* **ASSIGNMENT**: Look through the data below, and copy each line that carries the word "rule".
══════
lemma self_in_orbit_U: "x \<in> X \<Longrightarrow> x \<in> orbit U x"
  using funpow_U_s s_pos by (force simp: orbit_altdef)

lemma funpow_U_card_T_orbit:
  assumes "x \<in> X"
  shows "(U ^^ card (T_orbit r x)) x = x"
proof -
  let ?O = "T_orbit r x"
  have O_X: "?O \<subseteq> X"
    using assms by (auto simp: T_orbit_eq_translates)
  have "card (orbit U x) dvd card ?O"
  proof (rule card_orbit_dvd_card)
    show "finite ?O" by (simp add: T_orbit_eq_translates[OF assms])
    show "U ` ?O \<subseteq> ?O"
    proof
      fix z assume "z \<in> U ` ?O"
      then obtain a b where "z = translate 1 0 (translate a b x)"
        by (auto simp: T_orbit_eq_translates[OF assms] U_eq_translate)
      then show "z \<in> ?O"
        by (simp add: assms translate_translate translate_in_T_orbit)
    qed
    show "y \<in> orbit U y" if "y \<in> ?O" for y
      using that O_X by (auto intro: self_in_orbit_U)
    show "x \<in> ?O"
      using translate_in_T_orbit[of 0 0 x] by (simp add: translate_def)
  next
    fix y z assume "y \<in> ?O" "z \<in> ?O"
    then obtain a b c d where yz: "y = translate c d x" "z = translate a b x" "c < s" "d < s"
      by (auto simp: T_orbit_eq_translates[OF assms])
    let ?g = "translate (a + (s - c)) (b + (s - d))"
    have "?g y = translate (a + s) (b + s) x"
      using assms yz by (simp add: translate_translate)
    also have "\<dots> = z"
      using translate_mod[OF assms, of "a + s" "b + s"] translate_mod[OF assms, of a b] yz by simp
    finally show "\<exists>g. g y = z \<and> (\<forall>w\<in>?O. g (U w) = U (g w))"
      using O_X translate_U by blast
  qed
  moreover have "(U ^^ card (orbit U x)) x = x"
    by (rule funpow_card_orbit[OF self_in_orbit_U[OF assms]])
  ultimately show ?thesis
    by (metis dvd_imp_mod_0 funpow_0 funpow_mod_eq)
qed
══════
* **EXERCISE RESPONSE**:
  proof (rule card_orbit_dvd_card)
    by (rule funpow_card_orbit[OF self_in_orbit_U[OF assms]])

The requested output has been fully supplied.